Below are some records; quote exactly the lines from the one that contains "(at x within D \<inter>" through the one that contains "within D = at", inclusive, and no others.

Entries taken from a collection
┏━━
(* Let $\mathcal{D}\subseteq[0,1]$ be a two-outcome forecast domain (a non-degenerate interval, identified with the probability of the first outcome). A pooling operator $\oplus$ on $\mathcal{D}$ (a binary operator on weighted forecasts) satisfies the following six axioms if and only if there is a continuous, strictly increasing function $g:\mathcal{D}\to\mathbb{R}$ such that $\oplus=\oplus_g$ (i.e., for all weighted forecasts $\Pi_1,\dots,\Pi_m$, $\Pi_1\oplus\cdots\oplus\Pi_m=\bigoplus_{g,i=1}^m\Pi_i$): (1) Weight additivity: $\mathrm{wt}(\Pi_1\oplus\Pi_2)=\mathrm{wt}(\Pi_1)+\mathrm{wt}(\Pi_2)$ for all $\Pi_1,\Pi_2$. (2) Commutativity: $\Pi_1\oplus\Pi_2=\Pi_2\oplus\Pi_1$ for all $\Pi_1,\Pi_2$. (3) Associativity: $\Pi_1\oplus(\Pi_2\oplus\Pi_3)=(\Pi_1\oplus\Pi_2)\oplus\Pi_3$ for all $\Pi_1,\Pi_2,\Pi_3$. (4) Continuity: for all $p_1,p_2\in\mathcal{D}$, $\mathrm{pr}((p_1,w_1)\oplus(p_2,w_2))$ is a continuous function of $(w_1,w_2)$ on $\mathbb{R}_{\ge0}^2\setminus\{(0,0)\}$, with the convention $(p,w)\oplus(q,0)=(q,0)\oplus(p,w)=(p,w)$. (5) Idempotence: if $\mathrm{pr}(\Pi_1)=\mathrm{pr}(\Pi_2)$ then $\mathrm{pr}(\Pi_1\oplus\Pi_2)=\mathrm{pr}(\Pi_1)$. (6) Monotonicity: for every $w>0$ and $p_1>p_2$ in $\mathcal{D}$, the quantity $\mathrm{pr}((p_1,x)\oplus(p_2,w-x))$ is a strictly increasing function of $x\in(0,w)$.
   Context: A weighted forecast is a pair $\Pi=(p,w)\in\mathcal{D}\times\mathbb{R}_{>0}$, with $\mathrm{pr}(\Pi):=p$ and $\mathrm{wt}(\Pi):=w$. A pooling operator is a binary operator on weighted forecasts; when associative, $\Pi_1\oplus\cdots\oplus\Pi_m$ is well defined without parentheses. For a continuous strictly increasing $g:\mathcal{D}\to\mathbb{R}$, the quasi-arithmetic pool with respect to $g$ is \[\bigoplus_{g,\,i=1}^m (p_i,w_i):=\Big(g^{-1}\Big(\tfrac{\sum_i w_i g(p_i)}{\sum_i w_i}\Big),\ \sum_i w_i\Big).\] *)

theory Defs
  imports "HOL-Analysis.Analysis"
begin

text \<open>A weighted forecast on a two-outcome domain D is a pair (p, w) with p in D and w > 0.
  pr = fst, wt = snd.\<close>

type_synonym wforecast = "real \<times> real"

definition is_wf :: "real set \<Rightarrow> wforecast \<Rightarrow> bool" where
  "is_wf D F \<longleftrightarrow> fst F \<in> D \<and> snd F > 0"

definition pooling_operator :: "real set \<Rightarrow> (wforecast \<Rightarrow> wforecast \<Rightarrow> wforecast) \<Rightarrow> bool" where
  "pooling_operator D op \<longleftrightarrow> (\<forall>F1 F2. is_wf D F1 \<longrightarrow> is_wf D F2 \<longrightarrow> is_wf D (op F1 F2))"

definition pool_list :: "(wforecast \<Rightarrow> wforecast \<Rightarrow> wforecast) \<Rightarrow> wforecast list \<Rightarrow> wforecast" where
  "pool_list op xs = foldl op (hd xs) (tl xs)"

definition qa_pool :: "real set \<Rightarrow> (real \<Rightarrow> real) \<Rightarrow> wforecast list \<Rightarrow> wforecast" where
  "qa_pool D g xs =
     (inv_into D g ((\<Sum>F\<leftarrow>xs. snd F * g (fst F)) / (\<Sum>F\<leftarrow>xs. snd F)),
      (\<Sum>F\<leftarrow>xs. snd F))"

text \<open>pr((p1,w1) \<oplus> (p2,w2)) extended to zero weights by the convention
  (p,w) \<oplus> (q,0) = (q,0) \<oplus> (p,w) = (p,w).\<close>
definition ext_pr :: "(wforecast \<Rightarrow> wforecast \<Rightarrow> wforecast) \<Rightarrow> real \<Rightarrow> real \<Rightarrow> real \<times> real \<Rightarrow> real" where
  "ext_pr op p1 p2 ww =
     (if snd ww = 0 then p1 else if fst ww = 0 then p2 else fst (op (p1, fst ww) (p2, snd ww)))"

definition six_axioms :: "real set \<Rightarrow> (wforecast \<Rightarrow> wforecast \<Rightarrow> wforecast) \<Rightarrow> bool" where
  "six_axioms D op \<longleftrightarrow>
     \<comment> \<open>(1) weight additivity\<close>
     (\<forall>F1 F2. is_wf D F1 \<longrightarrow> is_wf D F2 \<longrightarrow> snd (op F1 F2) = snd F1 + snd F2) \<and>
     \<comment> \<open>(2) commutativity\<close>
     (\<forall>F1 F2. is_wf D F1 \<longrightarrow> is_wf D F2 \<longrightarrow> op F1 F2 = op F2 F1) \<and>
     \<comment> \<open>(3) associativity\<close>
     (\<forall>F1 F2 F3. is_wf D F1 \<longrightarrow> is_wf D F2 \<longrightarrow> is_wf D F3 \<longrightarrow>
        op F1 (op F2 F3) = op (op F1 F2) F3) \<and>
     \<comment> \<open>(4) continuity\<close>
     (\<forall>p1\<in>D. \<forall>p2\<in>D. continuous_on {ww :: real \<times> real. fst ww \<ge> 0 \<and> snd ww \<ge> 0 \<and> ww \<noteq> (0, 0)}
        (ext_pr op p1 p2)) \<and>
     \<comment> \<open>(5) idempotence\<close>
     (\<forall>F1 F2. is_wf D F1 \<longrightarrow> is_wf D F2 \<longrightarrow> fst F1 = fst F2 \<longrightarrow> fst (op F1 F2) = fst F1) \<and>
     \<comment> \<open>(6) monotonicity\<close>
     (\<forall>w > 0. \<forall>p1\<in>D. \<forall>p2\<in>D. p1 > p2 \<longrightarrow>
        strict_mono_on {0<..<w} (\<lambda>x. fst (op (p1, x) (p2, w - x))))"

end

theory Submission
  imports Defs
begin

text \<open>
  Fix forecasts c < d in D. The algebraic axioms (1), (2), (3), (5) make the pool
  (d, a) \<oplus> (c, b) additive in the weight vector (a, b); idempotence then makes its forecast
  invariant under rational rescaling of (a, b), and continuity extends this to all positive
  factors. Hence the forecast depends only on t = a / (a + b), and by monotonicity and
  continuity t \<mapsto> pr((d, t) \<oplus> (c, 1 - t)) is an increasing bijection from [0, 1] onto
  [c, d]. Its inverse turns \<oplus> into weighted averaging on [c, d], and every other such
  generator on [c, d] is an affine function of it. Normalising the generators to 0 at a and
  to 1 at b, for fixed a < b in D, makes those on nested intervals agree, so they glue to a
  generator on all of D.
  Conversely, a quasi-arithmetic pool satisfies the axioms directly; associativity is the
  invariance of the quasi-arithmetic mean under permutations.
\<close>

lemma strict_mono_on_Icc_if_Ioo:
  fixes f :: "real \<Rightarrow> real"
  assumes cont: "continuous_on {a..b} f" and mono: "strict_mono_on {a<..<b} f"
  shows "strict_mono_on {a..b} f"
proof (rule strict_mono_onI)
  fix x y assume xy: "x \<in> {a..b}" "y \<in> {a..b}" "x < y"
  define m1 where "m1 = (2 * x + y) / 3"
  define m2 where "m2 = (x + 2 * y) / 3"
  have m: "x < m1" "m1 < m2" "m2 < y" using xy(3) by (simp_all add: m1_def m2_def)
  have cl: "continuous_on (closure {l<..<r}) f" if "a \<le> l" "l < r" "r \<le> b" for l r
    using that by (auto intro: continuous_on_subset[OF cont])
  have "f x \<le> f m1"
  proof (rule continuous_le_on_closure[OF cl])
    show "f z \<le> f m1" if "z \<in> {x<..<m1}" for z
      using that m xy by (intro less_imp_le strict_mono_onD[OF mono]) auto
  qed (use m xy in auto)
  also have "f m1 < f m2" using m xy by (intro strict_mono_onD[OF mono]) auto
  also have "f m2 \<le> f y"
  proof (rule continuous_ge_on_closure[OF cl])
    show "f m2 \<le> f z" if "z \<in> {m2<..<y}" for z
      using that m xy by (intro less_imp_le strict_mono_onD[OF mono]) auto
  qed (use m xy in auto)
  finally show "f x < f y" .
qed

lemma continuous_on_const_on_Rats:
  fixes f :: "real \<Rightarrow> 'a::t1_space"
  assumes "open S" "continuous_on S f" "\<And>r. r \<in> \<rat> \<Longrightarrow> r \<in> S \<Longrightarrow> f r = y" "x \<in> S"
  shows "f x = y"
proof -
  obtain e where e: "e > 0" "cball x e \<subseteq> S"
    using assms(1,4) open_contains_cball by blast
  have "x \<in> ball x e \<inter> closure \<rat>" using e by (simp add: Rats_closure_real)
  also have "\<dots> \<subseteq> closure (ball x e \<inter> \<rat>)" by (rule open_Int_closure_subset) simp
  finally have x: "x \<in> closure (ball x e \<inter> \<rat>)" .
  have "closure (ball x e \<inter> \<rat>) \<subseteq> closure (ball x e)" by (rule closure_mono) blast
  with e have sub: "closure (ball x e \<inter> \<rat>) \<subseteq> S" by simp
  show ?thesis
  proof (rule continuous_constant_on_closure[OF continuous_on_subset[OF assms(2) sub] _ x])
    show "f z = y" if "z \<in> ball x e \<inter> \<rat>" for z
      using that e ball_subset_cball by (intro assms(3)) blast+
  qed
qed

lemma strict_mono_image_Icc:
  fixes f :: "real \<Rightarrow> real"
  assumes "a \<le> b" "continuous_on {a..b} f" "strict_mono_on {a..b} f"
  shows "f ` {a..b} = {f a..f b}"
proof
  show "f ` {a..b} \<subseteq> {f a..f b}"
    using assms(1,3) by (auto intro!: strict_mono_on_leD[OF assms(3)])
  show "{f a..f b} \<subseteq> f ` {a..b}"
    using IVT'[of f a _ b] assms(1,2) by force
qed

lemma weighted_mean_between:
  fixes x y u v :: real
  assumes "u \<ge> 0" "v \<ge> 0" "u + v > 0"
  shows "(u * x + v * y) / (u + v) \<in> {min x y..max x y}"
proof -
  have "(u + v) * min x y \<le> u * x + v * y" "u * x + v * y \<le> (u + v) * max x y"
    using assms by (simp_all add: distrib_right add_mono mult_left_mono)
  then show ?thesis using assms by (simp add: field_simps)
qed

lemma is_interval_Icc_subset:
  fixes D :: "real set"
  assumes "is_interval D" "a \<in> D" "b \<in> D"
  shows "{a..b} \<subseteq> D"
  using interval_subset_is_interval[OF assms(1), of a b] assms(2,3) by (simp add: cbox_interval)

lemma continuous_on_if_continuous_on_Icc:
  fixes f :: "real \<Rightarrow> 'a::topological_space"
  assumes "\<And>c d. c \<in> D \<Longrightarrow> d \<in> D \<Longrightarrow> continuous_on (D \<inter> {c..d}) f"
  shows "continuous_on D f"
  unfolding continuous_on_eq_continuous_within
proof
  fix x assume x: "x \<in> D"
  obtain c l where c: "c \<in> D" "c \<le> x" "l < x" "D \<inter> {l<..} \<subseteq> {c..}"
  proof (cases "\<exists>y\<in>D. y < x")
    case True
    then show ?thesis using that by fastforce
  next
    case False
    then show ?thesis using that[of x "x - 1"] x by (auto simp: not_less)
  qed
  obtain d h where d: "d \<in> D" "x \<le> d" "x < h" "D \<inter> {..<h} \<subseteq> {..d}"
  proof (cases "\<exists>y\<in>D. x < y")
    case True
    then show ?thesis using that by fastforce
  next
    case False
    then show ?thesis using that[of x "x + 1"] x by (auto simp: not_less)
  qed
  have "continuous (at x within D \<inter> {c..d}) f"
    using assms[OF c(1) d(1)] x c(2) d(2) by (simp add: continuous_on_eq_continuous_within)
  moreover have "at x within D = at x within D \<inter> {c..d}"
    by (rule at_within_nhd[of _ "{l<..<h}"]) (use c d in auto)
  ultimately show "continuous (at x within D) f" by simp
qed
┗━━
- Task output -
  have "continuous (at x within D \<inter> {c..d}) f"
    using assms[OF c(1) d(1)] x c(2) d(2) by (simp add: continuous_on_eq_continuous_within)
  moreover have "at x within D = at x within D \<inter> {c..d}"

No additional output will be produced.